── RECORD SET ──

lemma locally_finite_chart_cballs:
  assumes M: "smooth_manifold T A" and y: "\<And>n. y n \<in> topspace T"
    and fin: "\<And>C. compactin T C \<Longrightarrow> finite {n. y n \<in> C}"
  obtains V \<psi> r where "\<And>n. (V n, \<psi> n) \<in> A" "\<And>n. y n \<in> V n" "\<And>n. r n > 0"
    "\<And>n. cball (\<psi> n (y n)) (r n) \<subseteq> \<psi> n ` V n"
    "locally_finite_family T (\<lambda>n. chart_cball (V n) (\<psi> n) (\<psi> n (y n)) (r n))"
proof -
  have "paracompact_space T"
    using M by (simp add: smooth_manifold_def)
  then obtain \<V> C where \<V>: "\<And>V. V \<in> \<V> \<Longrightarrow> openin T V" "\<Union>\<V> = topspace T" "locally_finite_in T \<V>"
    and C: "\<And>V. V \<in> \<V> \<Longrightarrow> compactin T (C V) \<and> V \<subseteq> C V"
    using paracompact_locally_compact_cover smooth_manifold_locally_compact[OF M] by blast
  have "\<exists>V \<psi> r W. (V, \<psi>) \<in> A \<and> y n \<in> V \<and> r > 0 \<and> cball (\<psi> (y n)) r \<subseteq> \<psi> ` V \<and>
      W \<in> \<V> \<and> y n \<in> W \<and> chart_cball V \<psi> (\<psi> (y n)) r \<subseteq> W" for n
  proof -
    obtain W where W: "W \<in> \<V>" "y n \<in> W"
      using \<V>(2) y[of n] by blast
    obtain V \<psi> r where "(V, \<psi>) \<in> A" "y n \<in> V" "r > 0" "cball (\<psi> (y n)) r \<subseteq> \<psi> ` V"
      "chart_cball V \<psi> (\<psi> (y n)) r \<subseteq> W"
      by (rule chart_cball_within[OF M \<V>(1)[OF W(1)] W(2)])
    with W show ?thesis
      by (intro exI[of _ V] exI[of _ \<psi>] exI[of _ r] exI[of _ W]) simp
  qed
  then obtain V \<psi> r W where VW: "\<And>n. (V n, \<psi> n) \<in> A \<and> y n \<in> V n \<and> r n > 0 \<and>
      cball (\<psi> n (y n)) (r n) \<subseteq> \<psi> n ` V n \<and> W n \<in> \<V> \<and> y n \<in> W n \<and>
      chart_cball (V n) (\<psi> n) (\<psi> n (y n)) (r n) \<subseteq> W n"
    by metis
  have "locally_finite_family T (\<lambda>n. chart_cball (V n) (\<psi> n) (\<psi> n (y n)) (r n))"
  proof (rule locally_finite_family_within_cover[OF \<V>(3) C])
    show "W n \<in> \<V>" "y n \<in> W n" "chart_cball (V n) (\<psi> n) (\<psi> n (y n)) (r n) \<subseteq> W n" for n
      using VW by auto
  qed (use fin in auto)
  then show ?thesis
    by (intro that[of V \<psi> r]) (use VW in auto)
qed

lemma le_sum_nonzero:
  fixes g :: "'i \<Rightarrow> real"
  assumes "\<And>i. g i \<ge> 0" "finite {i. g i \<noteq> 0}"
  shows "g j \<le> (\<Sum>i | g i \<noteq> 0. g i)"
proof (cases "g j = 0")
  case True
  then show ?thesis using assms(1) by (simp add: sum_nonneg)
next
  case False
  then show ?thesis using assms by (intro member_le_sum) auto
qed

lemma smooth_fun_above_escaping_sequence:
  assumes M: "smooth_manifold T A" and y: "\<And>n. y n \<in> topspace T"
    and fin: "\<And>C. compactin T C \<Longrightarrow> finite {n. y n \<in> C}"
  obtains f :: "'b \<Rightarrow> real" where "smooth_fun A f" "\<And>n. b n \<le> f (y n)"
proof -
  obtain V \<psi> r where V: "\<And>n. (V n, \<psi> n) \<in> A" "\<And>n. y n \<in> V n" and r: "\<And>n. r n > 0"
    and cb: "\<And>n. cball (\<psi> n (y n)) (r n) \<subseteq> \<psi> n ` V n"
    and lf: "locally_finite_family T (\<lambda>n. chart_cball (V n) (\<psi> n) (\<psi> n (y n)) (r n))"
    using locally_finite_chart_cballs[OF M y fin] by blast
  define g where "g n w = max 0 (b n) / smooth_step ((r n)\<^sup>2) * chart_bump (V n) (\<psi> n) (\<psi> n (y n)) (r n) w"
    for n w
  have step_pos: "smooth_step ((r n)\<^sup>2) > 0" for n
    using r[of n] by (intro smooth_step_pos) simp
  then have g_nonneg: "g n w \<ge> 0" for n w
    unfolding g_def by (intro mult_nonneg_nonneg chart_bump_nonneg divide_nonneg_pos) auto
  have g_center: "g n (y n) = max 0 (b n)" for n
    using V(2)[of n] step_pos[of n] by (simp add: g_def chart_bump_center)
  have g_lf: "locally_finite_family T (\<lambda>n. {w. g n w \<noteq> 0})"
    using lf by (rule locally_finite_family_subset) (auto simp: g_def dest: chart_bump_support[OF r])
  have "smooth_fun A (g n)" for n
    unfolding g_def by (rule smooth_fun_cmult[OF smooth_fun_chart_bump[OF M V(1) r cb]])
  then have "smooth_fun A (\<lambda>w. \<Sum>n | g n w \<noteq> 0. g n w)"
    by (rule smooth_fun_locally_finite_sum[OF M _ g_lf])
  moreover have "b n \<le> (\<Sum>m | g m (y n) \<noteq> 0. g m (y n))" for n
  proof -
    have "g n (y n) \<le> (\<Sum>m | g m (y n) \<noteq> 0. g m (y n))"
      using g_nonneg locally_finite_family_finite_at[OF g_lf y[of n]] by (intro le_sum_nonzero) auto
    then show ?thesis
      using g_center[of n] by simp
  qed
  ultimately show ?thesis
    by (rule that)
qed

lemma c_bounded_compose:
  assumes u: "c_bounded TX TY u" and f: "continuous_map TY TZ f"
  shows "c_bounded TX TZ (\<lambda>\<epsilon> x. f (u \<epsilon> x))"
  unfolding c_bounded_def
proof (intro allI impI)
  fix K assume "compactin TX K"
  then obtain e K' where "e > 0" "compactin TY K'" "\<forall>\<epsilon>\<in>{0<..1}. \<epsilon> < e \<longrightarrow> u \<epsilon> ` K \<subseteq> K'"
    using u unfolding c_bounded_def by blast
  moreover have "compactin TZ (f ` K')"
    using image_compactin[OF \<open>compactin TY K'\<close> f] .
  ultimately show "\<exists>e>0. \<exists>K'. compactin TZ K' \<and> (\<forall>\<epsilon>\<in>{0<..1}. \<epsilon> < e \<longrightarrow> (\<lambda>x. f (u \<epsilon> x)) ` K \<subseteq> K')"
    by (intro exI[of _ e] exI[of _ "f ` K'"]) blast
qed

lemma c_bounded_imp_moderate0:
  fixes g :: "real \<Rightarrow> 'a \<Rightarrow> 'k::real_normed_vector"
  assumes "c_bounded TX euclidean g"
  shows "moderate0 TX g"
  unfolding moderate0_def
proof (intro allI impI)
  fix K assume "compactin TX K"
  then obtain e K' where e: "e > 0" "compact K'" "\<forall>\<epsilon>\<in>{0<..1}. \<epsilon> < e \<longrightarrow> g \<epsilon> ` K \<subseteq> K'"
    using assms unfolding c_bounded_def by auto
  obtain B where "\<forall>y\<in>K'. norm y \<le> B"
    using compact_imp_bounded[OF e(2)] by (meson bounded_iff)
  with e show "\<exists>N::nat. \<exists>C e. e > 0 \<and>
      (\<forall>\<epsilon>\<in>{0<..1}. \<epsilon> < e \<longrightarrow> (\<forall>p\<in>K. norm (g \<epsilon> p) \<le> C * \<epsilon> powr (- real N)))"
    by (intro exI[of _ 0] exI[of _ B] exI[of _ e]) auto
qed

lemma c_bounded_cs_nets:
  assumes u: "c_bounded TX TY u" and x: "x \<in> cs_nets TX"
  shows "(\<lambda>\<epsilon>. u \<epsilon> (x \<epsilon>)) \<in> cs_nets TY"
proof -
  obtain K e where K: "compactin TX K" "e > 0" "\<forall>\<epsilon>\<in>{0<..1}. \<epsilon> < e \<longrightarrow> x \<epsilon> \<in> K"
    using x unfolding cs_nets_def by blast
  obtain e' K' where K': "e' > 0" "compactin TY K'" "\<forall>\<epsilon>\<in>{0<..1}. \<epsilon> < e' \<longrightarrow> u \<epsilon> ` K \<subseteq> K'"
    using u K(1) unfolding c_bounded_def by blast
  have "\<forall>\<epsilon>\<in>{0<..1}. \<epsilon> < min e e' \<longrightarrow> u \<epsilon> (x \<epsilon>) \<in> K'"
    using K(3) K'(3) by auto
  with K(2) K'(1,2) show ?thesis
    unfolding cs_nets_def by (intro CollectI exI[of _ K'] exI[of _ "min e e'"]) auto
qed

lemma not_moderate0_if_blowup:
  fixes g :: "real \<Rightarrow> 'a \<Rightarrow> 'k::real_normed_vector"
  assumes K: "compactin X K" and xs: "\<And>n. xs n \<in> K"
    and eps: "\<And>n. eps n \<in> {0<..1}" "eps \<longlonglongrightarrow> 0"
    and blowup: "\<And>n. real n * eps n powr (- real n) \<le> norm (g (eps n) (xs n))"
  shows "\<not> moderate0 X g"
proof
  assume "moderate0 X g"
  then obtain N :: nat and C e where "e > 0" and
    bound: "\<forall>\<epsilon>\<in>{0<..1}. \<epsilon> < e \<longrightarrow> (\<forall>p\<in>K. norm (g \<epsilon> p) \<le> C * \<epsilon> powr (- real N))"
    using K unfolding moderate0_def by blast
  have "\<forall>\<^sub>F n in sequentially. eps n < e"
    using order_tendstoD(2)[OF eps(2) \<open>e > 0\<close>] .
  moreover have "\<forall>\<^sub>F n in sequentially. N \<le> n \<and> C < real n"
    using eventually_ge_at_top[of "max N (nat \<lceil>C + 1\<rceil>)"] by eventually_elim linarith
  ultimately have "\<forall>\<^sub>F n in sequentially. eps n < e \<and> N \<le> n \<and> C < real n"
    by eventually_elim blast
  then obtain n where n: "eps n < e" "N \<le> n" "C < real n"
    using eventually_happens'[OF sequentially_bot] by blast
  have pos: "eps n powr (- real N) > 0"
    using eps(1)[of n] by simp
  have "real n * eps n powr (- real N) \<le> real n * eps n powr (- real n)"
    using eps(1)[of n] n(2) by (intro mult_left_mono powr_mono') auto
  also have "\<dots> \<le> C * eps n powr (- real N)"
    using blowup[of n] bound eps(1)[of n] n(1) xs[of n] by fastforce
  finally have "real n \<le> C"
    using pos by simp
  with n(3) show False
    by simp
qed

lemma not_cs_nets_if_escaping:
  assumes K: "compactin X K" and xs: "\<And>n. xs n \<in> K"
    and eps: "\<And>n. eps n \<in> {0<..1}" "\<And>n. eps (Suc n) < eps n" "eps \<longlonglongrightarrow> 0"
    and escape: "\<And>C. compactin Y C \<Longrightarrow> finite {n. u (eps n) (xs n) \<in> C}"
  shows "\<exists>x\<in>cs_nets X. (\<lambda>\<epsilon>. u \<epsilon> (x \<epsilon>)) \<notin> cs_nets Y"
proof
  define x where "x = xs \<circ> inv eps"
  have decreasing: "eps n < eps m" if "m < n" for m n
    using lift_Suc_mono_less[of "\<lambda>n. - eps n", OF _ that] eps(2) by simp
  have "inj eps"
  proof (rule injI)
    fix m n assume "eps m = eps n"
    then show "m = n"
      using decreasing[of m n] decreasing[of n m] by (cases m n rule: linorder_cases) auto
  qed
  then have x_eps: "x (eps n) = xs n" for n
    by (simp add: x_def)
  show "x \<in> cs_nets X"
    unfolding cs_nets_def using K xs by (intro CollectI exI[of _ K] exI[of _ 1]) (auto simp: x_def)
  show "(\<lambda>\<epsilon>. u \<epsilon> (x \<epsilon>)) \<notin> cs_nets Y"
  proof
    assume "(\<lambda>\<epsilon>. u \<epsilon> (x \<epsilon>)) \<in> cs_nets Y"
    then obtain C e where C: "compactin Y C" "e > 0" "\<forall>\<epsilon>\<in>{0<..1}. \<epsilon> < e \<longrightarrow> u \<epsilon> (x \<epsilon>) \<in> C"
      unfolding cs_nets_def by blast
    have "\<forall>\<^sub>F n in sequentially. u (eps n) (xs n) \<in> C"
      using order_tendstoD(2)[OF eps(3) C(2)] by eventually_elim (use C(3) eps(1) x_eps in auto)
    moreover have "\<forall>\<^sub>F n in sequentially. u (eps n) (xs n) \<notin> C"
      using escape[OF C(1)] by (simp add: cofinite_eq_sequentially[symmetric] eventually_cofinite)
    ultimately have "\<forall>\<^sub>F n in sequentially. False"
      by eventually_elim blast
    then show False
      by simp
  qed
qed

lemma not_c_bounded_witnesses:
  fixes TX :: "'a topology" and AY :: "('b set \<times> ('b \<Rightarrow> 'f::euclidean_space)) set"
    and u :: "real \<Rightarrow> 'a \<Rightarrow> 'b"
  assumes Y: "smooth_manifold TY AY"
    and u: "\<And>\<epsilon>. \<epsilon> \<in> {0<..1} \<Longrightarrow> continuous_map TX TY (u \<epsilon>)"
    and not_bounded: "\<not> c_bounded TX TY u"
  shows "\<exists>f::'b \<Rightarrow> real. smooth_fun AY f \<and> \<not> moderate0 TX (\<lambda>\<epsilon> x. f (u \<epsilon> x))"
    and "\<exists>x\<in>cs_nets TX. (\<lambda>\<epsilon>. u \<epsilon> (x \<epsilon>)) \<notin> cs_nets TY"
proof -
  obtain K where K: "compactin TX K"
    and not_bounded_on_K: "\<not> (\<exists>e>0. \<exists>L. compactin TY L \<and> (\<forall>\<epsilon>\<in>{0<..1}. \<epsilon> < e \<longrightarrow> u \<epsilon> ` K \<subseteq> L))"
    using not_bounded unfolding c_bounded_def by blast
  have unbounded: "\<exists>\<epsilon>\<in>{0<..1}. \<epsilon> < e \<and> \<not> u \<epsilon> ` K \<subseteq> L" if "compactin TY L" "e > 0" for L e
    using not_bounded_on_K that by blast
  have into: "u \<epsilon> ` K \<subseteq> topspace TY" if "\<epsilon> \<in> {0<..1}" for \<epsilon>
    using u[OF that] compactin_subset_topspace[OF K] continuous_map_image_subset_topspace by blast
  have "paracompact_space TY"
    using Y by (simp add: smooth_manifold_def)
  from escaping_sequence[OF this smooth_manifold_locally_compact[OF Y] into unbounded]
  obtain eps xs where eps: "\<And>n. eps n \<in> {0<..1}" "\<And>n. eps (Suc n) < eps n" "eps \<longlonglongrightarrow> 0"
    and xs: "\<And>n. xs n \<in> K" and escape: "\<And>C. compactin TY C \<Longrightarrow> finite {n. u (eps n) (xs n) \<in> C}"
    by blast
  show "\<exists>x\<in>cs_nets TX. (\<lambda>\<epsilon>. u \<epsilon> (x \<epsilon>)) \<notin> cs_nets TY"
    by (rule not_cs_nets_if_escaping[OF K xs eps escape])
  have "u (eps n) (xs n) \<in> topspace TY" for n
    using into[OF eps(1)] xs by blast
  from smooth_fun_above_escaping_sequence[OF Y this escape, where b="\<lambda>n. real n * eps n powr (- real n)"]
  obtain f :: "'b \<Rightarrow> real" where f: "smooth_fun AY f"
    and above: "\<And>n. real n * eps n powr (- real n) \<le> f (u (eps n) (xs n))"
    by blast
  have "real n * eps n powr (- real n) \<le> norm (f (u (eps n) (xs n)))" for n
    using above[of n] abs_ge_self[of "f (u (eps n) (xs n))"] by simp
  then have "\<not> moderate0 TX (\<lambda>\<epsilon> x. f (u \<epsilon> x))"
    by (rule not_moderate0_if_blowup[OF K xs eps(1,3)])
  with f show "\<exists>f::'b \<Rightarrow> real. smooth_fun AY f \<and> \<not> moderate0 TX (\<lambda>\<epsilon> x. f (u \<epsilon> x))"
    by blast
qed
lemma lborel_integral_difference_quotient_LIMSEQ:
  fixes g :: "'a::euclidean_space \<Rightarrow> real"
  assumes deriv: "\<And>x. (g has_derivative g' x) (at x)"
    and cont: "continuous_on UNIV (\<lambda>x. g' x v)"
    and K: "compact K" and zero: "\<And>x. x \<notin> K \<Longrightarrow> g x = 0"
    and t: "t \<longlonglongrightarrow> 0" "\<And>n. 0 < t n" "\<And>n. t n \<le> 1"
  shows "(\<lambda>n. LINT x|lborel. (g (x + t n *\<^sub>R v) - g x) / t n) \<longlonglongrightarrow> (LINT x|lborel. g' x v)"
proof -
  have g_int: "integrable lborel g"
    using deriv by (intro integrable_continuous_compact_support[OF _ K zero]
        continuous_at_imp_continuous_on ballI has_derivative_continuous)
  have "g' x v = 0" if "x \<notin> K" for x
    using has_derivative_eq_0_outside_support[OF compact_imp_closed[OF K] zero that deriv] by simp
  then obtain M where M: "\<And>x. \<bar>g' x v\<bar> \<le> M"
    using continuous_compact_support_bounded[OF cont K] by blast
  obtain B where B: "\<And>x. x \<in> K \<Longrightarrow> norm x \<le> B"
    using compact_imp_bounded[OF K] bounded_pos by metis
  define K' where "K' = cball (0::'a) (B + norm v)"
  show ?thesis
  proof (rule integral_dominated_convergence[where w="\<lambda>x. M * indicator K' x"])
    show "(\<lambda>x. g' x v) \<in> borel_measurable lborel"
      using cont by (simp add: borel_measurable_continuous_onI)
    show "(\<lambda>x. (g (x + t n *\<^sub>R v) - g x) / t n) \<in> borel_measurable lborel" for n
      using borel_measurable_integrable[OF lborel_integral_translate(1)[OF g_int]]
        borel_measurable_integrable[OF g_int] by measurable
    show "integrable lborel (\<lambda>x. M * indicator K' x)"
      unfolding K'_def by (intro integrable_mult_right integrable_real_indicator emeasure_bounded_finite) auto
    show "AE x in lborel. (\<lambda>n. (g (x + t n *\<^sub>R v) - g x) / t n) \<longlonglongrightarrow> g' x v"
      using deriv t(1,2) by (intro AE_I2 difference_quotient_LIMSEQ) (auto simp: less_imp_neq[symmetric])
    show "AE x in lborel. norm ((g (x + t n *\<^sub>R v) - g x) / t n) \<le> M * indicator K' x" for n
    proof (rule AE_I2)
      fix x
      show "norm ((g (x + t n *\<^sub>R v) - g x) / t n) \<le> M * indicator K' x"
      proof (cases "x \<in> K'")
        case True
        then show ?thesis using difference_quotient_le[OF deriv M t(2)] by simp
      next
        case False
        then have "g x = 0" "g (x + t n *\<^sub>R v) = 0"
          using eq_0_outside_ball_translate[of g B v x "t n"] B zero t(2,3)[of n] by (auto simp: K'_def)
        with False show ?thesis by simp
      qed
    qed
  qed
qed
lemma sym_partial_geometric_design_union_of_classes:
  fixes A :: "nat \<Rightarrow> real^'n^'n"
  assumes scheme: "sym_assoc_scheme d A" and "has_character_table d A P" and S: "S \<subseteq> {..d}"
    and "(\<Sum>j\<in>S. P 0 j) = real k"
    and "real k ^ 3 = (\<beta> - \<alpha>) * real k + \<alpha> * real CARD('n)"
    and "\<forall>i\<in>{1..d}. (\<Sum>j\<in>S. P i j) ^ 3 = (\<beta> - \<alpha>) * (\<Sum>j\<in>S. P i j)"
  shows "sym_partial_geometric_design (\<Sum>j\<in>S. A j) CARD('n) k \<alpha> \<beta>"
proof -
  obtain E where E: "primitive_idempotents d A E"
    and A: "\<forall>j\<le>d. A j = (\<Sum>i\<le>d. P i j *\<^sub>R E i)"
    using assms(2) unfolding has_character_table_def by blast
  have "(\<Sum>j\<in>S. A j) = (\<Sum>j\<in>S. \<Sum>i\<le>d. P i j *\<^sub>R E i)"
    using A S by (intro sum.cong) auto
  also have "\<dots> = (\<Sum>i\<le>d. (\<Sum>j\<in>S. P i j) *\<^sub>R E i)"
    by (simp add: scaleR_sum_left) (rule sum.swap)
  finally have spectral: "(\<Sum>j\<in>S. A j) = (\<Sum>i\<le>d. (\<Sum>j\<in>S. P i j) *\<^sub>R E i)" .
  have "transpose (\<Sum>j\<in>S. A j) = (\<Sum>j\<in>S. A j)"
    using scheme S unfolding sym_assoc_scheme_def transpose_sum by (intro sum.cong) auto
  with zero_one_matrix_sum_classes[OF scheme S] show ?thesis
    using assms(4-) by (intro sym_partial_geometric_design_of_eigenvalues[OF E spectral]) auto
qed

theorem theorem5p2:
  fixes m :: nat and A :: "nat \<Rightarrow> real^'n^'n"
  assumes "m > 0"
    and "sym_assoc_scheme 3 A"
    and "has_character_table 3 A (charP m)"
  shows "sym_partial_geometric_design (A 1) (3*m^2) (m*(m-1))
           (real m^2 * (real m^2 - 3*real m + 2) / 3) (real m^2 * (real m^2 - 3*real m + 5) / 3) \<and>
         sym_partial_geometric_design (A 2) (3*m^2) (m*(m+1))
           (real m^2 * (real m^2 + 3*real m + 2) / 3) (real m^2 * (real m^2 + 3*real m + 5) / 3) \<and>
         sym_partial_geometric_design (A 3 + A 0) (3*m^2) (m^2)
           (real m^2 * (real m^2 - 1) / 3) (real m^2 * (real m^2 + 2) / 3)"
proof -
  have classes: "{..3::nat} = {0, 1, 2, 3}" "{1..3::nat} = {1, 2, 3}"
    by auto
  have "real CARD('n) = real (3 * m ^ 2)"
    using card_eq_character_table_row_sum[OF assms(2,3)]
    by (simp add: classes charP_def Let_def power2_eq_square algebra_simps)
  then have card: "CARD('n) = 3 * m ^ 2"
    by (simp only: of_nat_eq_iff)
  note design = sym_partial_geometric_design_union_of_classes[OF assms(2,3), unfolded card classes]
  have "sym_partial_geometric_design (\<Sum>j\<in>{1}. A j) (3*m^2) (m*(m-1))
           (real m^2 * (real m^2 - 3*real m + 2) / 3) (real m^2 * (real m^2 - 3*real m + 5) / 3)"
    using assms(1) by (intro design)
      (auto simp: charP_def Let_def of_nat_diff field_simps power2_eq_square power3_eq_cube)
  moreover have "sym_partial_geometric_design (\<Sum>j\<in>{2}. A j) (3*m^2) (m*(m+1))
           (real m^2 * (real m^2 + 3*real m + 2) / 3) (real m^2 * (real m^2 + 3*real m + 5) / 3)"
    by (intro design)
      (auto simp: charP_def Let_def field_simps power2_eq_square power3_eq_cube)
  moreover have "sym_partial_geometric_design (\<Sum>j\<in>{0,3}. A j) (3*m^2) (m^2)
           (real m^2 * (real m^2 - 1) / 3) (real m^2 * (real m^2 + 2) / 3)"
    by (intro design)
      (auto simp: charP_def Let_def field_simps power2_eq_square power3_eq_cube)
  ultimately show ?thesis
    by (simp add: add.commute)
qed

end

───

## REQUIRED ACTION
Could you copy exactly the lines from the first line of the records above through the line containing "then obtain \<V>", both included, and nothing else?

## COMPLETED TASK
lemma locally_finite_chart_cballs:
  assumes M: "smooth_manifold T A" and y: "\<And>n. y n \<in> topspace T"
    and fin: "\<And>C. compactin T C \<Longrightarrow> finite {n. y n \<in> C}"
  obtains V \<psi> r where "\<And>n. (V n, \<psi> n) \<in> A" "\<And>n. y n \<in> V n" "\<And>n. r n > 0"
    "\<And>n. cball (\<psi> n (y n)) (r n) \<subseteq> \<psi> n ` V n"
    "locally_finite_family T (\<lambda>n. chart_cball (V n) (\<psi> n) (\<psi> n (y n)) (r n))"
proof -
  have "paracompact_space T"
    using M by (simp add: smooth_manifold_def)
  then obtain \<V> C where \<V>: "\<And>V. V \<in> \<V> \<Longrightarrow> openin T V" "\<Union>\<V> = topspace T" "locally_finite_in T \<V>"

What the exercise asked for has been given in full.